● BRIEF: In the records below, find each line with "assumes" and copy it.

● RECORDS FOR PROCESSING:
- Opening Delimiter -
(* Let $C$ be a linear code over $\mathbb{Z}_4$ of length $n$ and type $4^{k_1}2^{k_2}$, with generator matrix $G\in\mathbb{Z}_4^{(k_1+k_2)\times n}$. Suppose no column of $G$ lies in $(2\mathbb{Z}_4)^{k_1+k_2}$, and let $\mathbf{S}$ be a coset of $(2\mathbb{Z}_4)^{k_1+k_2}$ in $\mathbb{Z}_4^{k_1+k_2}$ other than $(2\mathbb{Z}_4)^{k_1+k_2}$ itself. Then $$\sum_{\mathbf{x}\in\mathbf{S}}w_L(\mathbf{x}G)=2^{k_1+k_2}n.$$
   Context: A linear code of length $n$ over $\mathbb{Z}_4$ is a $\mathbb{Z}_4$-submodule of $\mathbb{Z}_4^n$, of type $4^{k_1}2^{k_2}$ if isomorphic to $\mathbb{Z}_4^{k_1}\times\mathbb{Z}_2^{k_2}$. A generator matrix is a matrix whose rows generate the code and no proper subset of whose rows does. $2\mathbb{Z}_4=\{0,2\}$. Lee weight: $w_L(0)=0,w_L(1)=1,w_L(2)=2,w_L(3)=1$, additive on vectors. *)

theory Defs
  imports "HOL-Library.Numeral_Type"
begin

text \<open>Z4 is the library ring type 4 (integers modulo 4). Vectors of length n over Z4
  are functions nat to 4 vanishing at all indices at least n.\<close>

definition vecs :: "nat \<Rightarrow> (nat \<Rightarrow> 4) set" where
  "vecs n = {v. \<forall>i. n \<le> i \<longrightarrow> v i = 0}"

definition two_vecs :: "nat \<Rightarrow> (nat \<Rightarrow> 4) set" where
  "two_vecs k = {v \<in> vecs k. \<forall>i. v i \<in> {0, 2}}"

definition vmul :: "nat \<Rightarrow> nat \<Rightarrow> (nat \<Rightarrow> 4) \<Rightarrow> (nat \<Rightarrow> nat \<Rightarrow> 4) \<Rightarrow> (nat \<Rightarrow> 4)" where
  "vmul k n x G = (\<lambda>j. if j < n then (\<Sum>i<k. x i * G i j) else 0)"

definition row_span :: "nat \<Rightarrow> (nat \<Rightarrow> nat \<Rightarrow> 4) \<Rightarrow> nat set \<Rightarrow> (nat \<Rightarrow> 4) set" where
  "row_span n G I = {(\<lambda>j. if j < n then (\<Sum>i\<in>I. x i * G i j) else 0) | x. True}"

definition linear_code :: "nat \<Rightarrow> (nat \<Rightarrow> 4) set \<Rightarrow> bool" where
  "linear_code n C \<longleftrightarrow> C \<subseteq> vecs n \<and> (\<lambda>_. 0) \<in> C
     \<and> (\<forall>u\<in>C. \<forall>v\<in>C. (\<lambda>j. u j + v j) \<in> C)
     \<and> (\<forall>c. \<forall>u\<in>C. (\<lambda>j. c * u j) \<in> C)"

definition generator_matrix :: "nat \<Rightarrow> nat \<Rightarrow> (nat \<Rightarrow> nat \<Rightarrow> 4) \<Rightarrow> (nat \<Rightarrow> 4) set \<Rightarrow> bool" where
  "generator_matrix k n G C \<longleftrightarrow> row_span n G {..<k} = C \<and> (\<forall>I. I \<subset> {..<k} \<longrightarrow> row_span n G I \<noteq> C)"

text \<open>Model of Z4^k1 x Z2^k2 as a Z4-module: Z2 is realised as the submodule {0,2} of Z4.\<close>
definition type_space :: "nat \<Rightarrow> nat \<Rightarrow> (nat \<Rightarrow> 4) set" where
  "type_space k1 k2 = {y \<in> vecs (k1 + k2). \<forall>i. k1 \<le> i \<longrightarrow> y i \<in> {0, 2}}"

definition has_type :: "(nat \<Rightarrow> 4) set \<Rightarrow> nat \<Rightarrow> nat \<Rightarrow> bool" where
  "has_type C k1 k2 \<longleftrightarrow> (\<exists>f. bij_betw f (type_space k1 k2) C
     \<and> (\<forall>x\<in>type_space k1 k2. \<forall>y\<in>type_space k1 k2. f (\<lambda>i. x i + y i) = (\<lambda>j. f x j + f y j))
     \<and> (\<forall>c. \<forall>x\<in>type_space k1 k2. f (\<lambda>i. c * x i) = (\<lambda>j. c * f x j)))"

definition lee :: "4 \<Rightarrow> nat" where
  "lee a = (if a = 0 then 0 else if a = 2 then 2 else 1)"

definition lee_wt :: "nat \<Rightarrow> (nat \<Rightarrow> 4) \<Rightarrow> nat" where
  "lee_wt n v = (\<Sum>j<n. lee (v j))"

end

theory Submission
  imports Defs
begin

text \<open>Fix a column g of G and an index i0 with g i0 odd. Adding 2 to the coordinate i0
  of x is an involution of the coset S which changes the entry x g of xG by 2 g i0 = 2.
  As lee a + lee (a + 2) = 2 for every a in Z4, each such pair of vectors contributes 2
  to the Lee weight in this column, so the column contributes |S| = 2^(k1+k2) in total.\<close>

lemma Z4_cases:
  fixes a :: 4
  obtains "a = 0" | "a = 1" | "a = 2" | "a = 3"
proof (cases a)
  case (of_int z)
  then have "z = 0 \<or> z = 1 \<or> z = 2 \<or> z = 3" by auto
  with of_int that show ?thesis by auto
qed

lemma lee_add_two: "lee a + lee (a + 2) = 2"
  by (cases a rule: Z4_cases) (simp_all add: lee_def)

lemma two_mult_odd:
  fixes g :: 4
  shows "g \<notin> {0, 2} \<Longrightarrow> 2 * g = 2"
  by (cases g rule: Z4_cases) simp_all

lemma two_vecs_eq_image_Pow:
  "two_vecs k = (\<lambda>A i. if i \<in> A then 2 else 0) ` Pow {..<k}"
proof (intro equalityI subsetI)
  fix t assume t: "t \<in> two_vecs k"
  have "t i = (if i \<in> {i. i < k \<and> t i = 2} then 2 else 0)" for i
    using t by (cases "i < k") (auto simp: two_vecs_def vecs_def)
  then show "t \<in> (\<lambda>A i. if i \<in> A then 2 else 0) ` Pow {..<k}"
    by (intro image_eqI[where x = "{i. i < k \<and> t i = 2}"]) auto
qed (auto simp: two_vecs_def vecs_def)

lemma card_two_vecs: "card (two_vecs k) = 2 ^ k"
proof -
  have "inj (\<lambda>A i. if i \<in> A then (2::4) else 0)"
    by (rule injI) (simp add: fun_eq_iff split: if_splits; blast)
  then have "card ((\<lambda>A i. if i \<in> A then (2::4) else 0) ` Pow {..<k}) = card (Pow {..<k})"
    using card_image inj_on_subset subset_UNIV by blast
  then show ?thesis
    by (simp add: two_vecs_eq_image_Pow card_Pow)
qed

lemma sum_paired_by_involution:
  fixes h :: "'a \<Rightarrow> 'b::comm_semiring_1"
  assumes "\<And>x. x \<in> A \<Longrightarrow> \<phi> x \<in> A" and "\<And>x. x \<in> A \<Longrightarrow> \<phi> (\<phi> x) = x"
    and "\<And>x. x \<in> A \<Longrightarrow> h x + h (\<phi> x) = c"
  shows "2 * sum h A = of_nat (card A) * c"
proof -
  have "sum h A = sum (h \<circ> \<phi>) A"
    by (rule sum.reindex_bij_witness[where i = \<phi> and j = \<phi>]) (simp_all add: assms)
  then have "2 * sum h A = (\<Sum>x\<in>A. h x + h (\<phi> x))"
    by (simp add: mult_2 sum.distrib)
  also have "\<dots> = of_nat (card A) * c"
    by (simp add: assms(3))
  finally show ?thesis .
qed

lemma sum_lee_column_over_coset:
  fixes g s :: "nat \<Rightarrow> 4"
  assumes "i0 < k" and "g i0 \<notin> {0, 2}"
  shows "(\<Sum>t\<in>two_vecs k. lee (\<Sum>i<k. (s i + t i) * g i)) = 2 ^ k"
proof -
  define f where "f t = (\<Sum>i<k. (s i + t i) * g i)" for t
  define \<phi> where "\<phi> t = t(i0 := t i0 + 2)" for t :: "nat \<Rightarrow> 4"
  have \<phi>_closed: "\<phi> t \<in> two_vecs k" if "t \<in> two_vecs k" for t
  proof -
    have "t i0 + 2 \<in> {0, 2}"
      using that by (auto simp: two_vecs_def)
    with that \<open>i0 < k\<close> show ?thesis
      by (auto simp: two_vecs_def vecs_def \<phi>_def)
  qed
  have \<phi>_\<phi>: "\<phi> (\<phi> t) = t" for t
    by (auto simp: \<phi>_def)
  have f_\<phi>: "f (\<phi> t) = f t + 2" for t
  proof -
    have "f (\<phi> t) = (\<Sum>i<k. (s i + t i) * g i + (if i = i0 then 2 * g i else 0))"
      unfolding f_def \<phi>_def by (rule sum.cong) (auto simp: algebra_simps)
    also have "\<dots> = f t + 2 * g i0"
      using \<open>i0 < k\<close> by (simp add: sum.distrib f_def)
    finally show ?thesis
      using two_mult_odd[OF \<open>g i0 \<notin> {0, 2}\<close>] by simp
  qed
  have "2 * (\<Sum>t\<in>two_vecs k. lee (f t)) = of_nat (card (two_vecs k)) * 2"
    by (rule sum_paired_by_involution[where \<phi> = \<phi>])
       (simp_all add: \<phi>_closed \<phi>_\<phi> f_\<phi> lee_add_two)
  then show ?thesis
    by (simp add: f_def card_two_vecs)
qed

lemma sum_over_translate:
  fixes s :: "'i \<Rightarrow> 'a::cancel_semigroup_add"
  shows "(\<Sum>x\<in>{(\<lambda>i. s i + t i) | t. t \<in> T}. f x) = (\<Sum>t\<in>T. f (\<lambda>i. s i + t i))"
proof -
  have "inj_on (\<lambda>t i. s i + t i) T"
    by (rule inj_onI) (simp add: fun_eq_iff)
  moreover have "{(\<lambda>i. s i + t i) | t. t \<in> T} = (\<lambda>t i. s i + t i) ` T"
    by blast
  ultimately show ?thesis
    by (simp add: sum.reindex)
qed

lemma lee_wt_vmul: "lee_wt n (vmul k n x G) = (\<Sum>j<n. lee (\<Sum>i<k. x i * G i j))"
  by (simp add: lee_wt_def vmul_def)

theorem corollary3p7:
  fixes n k1 k2 :: nat and C :: "(nat \<Rightarrow> 4) set" and G :: "nat \<Rightarrow> nat \<Rightarrow> 4"
    and S :: "(nat \<Rightarrow> 4) set"
  assumes "linear_code n C"
    and "has_type C k1 k2"
    and "generator_matrix (k1 + k2) n G C"
    and "\<forall>j<n. \<exists>i<k1 + k2. G i j \<notin> {0, 2}"
    and "\<exists>s\<in>vecs (k1 + k2). S = {(\<lambda>i. s i + t i) | t. t \<in> two_vecs (k1 + k2)}"
    and "S \<noteq> two_vecs (k1 + k2)"
  shows "(\<Sum>x\<in>S. lee_wt n (vmul (k1 + k2) n x G)) = 2 ^ (k1 + k2) * n"
proof -
  let ?k = "k1 + k2"
  obtain s where S: "S = {(\<lambda>i. s i + t i) | t. t \<in> two_vecs ?k}"
    using assms(5) by blast
  have "(\<Sum>x\<in>S. lee_wt n (vmul ?k n x G))
      = (\<Sum>t\<in>two_vecs ?k. \<Sum>j<n. lee (\<Sum>i<?k. (s i + t i) * G i j))"
    by (simp add: S sum_over_translate lee_wt_vmul)
  also have "\<dots> = (\<Sum>j<n. \<Sum>t\<in>two_vecs ?k. lee (\<Sum>i<?k. (s i + t i) * G i j))"
    by (rule sum.swap)
  also have "\<dots> = (\<Sum>j<n. 2 ^ ?k)"
  proof (rule sum.cong[OF refl])
    fix j assume "j \<in> {..<n}"
    with assms(4) obtain i0 where "i0 < ?k" "G i0 j \<notin> {0, 2}"
      by blast
    then show "(\<Sum>t\<in>two_vecs ?k. lee (\<Sum>i<?k. (s i + t i) * G i j)) = 2 ^ ?k"
      by (rule sum_lee_column_over_coset)
  qed
  finally show ?thesis
    by simp
qed

end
- Closing Delimiter -
● TASK ANSWER:
  assumes "\<And>x. x \<in> A \<Longrightarrow> \<phi> x \<in> A" and "\<And>x. x \<in> A \<Longrightarrow> \<phi> (\<phi> x) = x"
  assumes "i0 < k" and "g i0 \<notin> {0, 2}"
  assumes "linear_code n C"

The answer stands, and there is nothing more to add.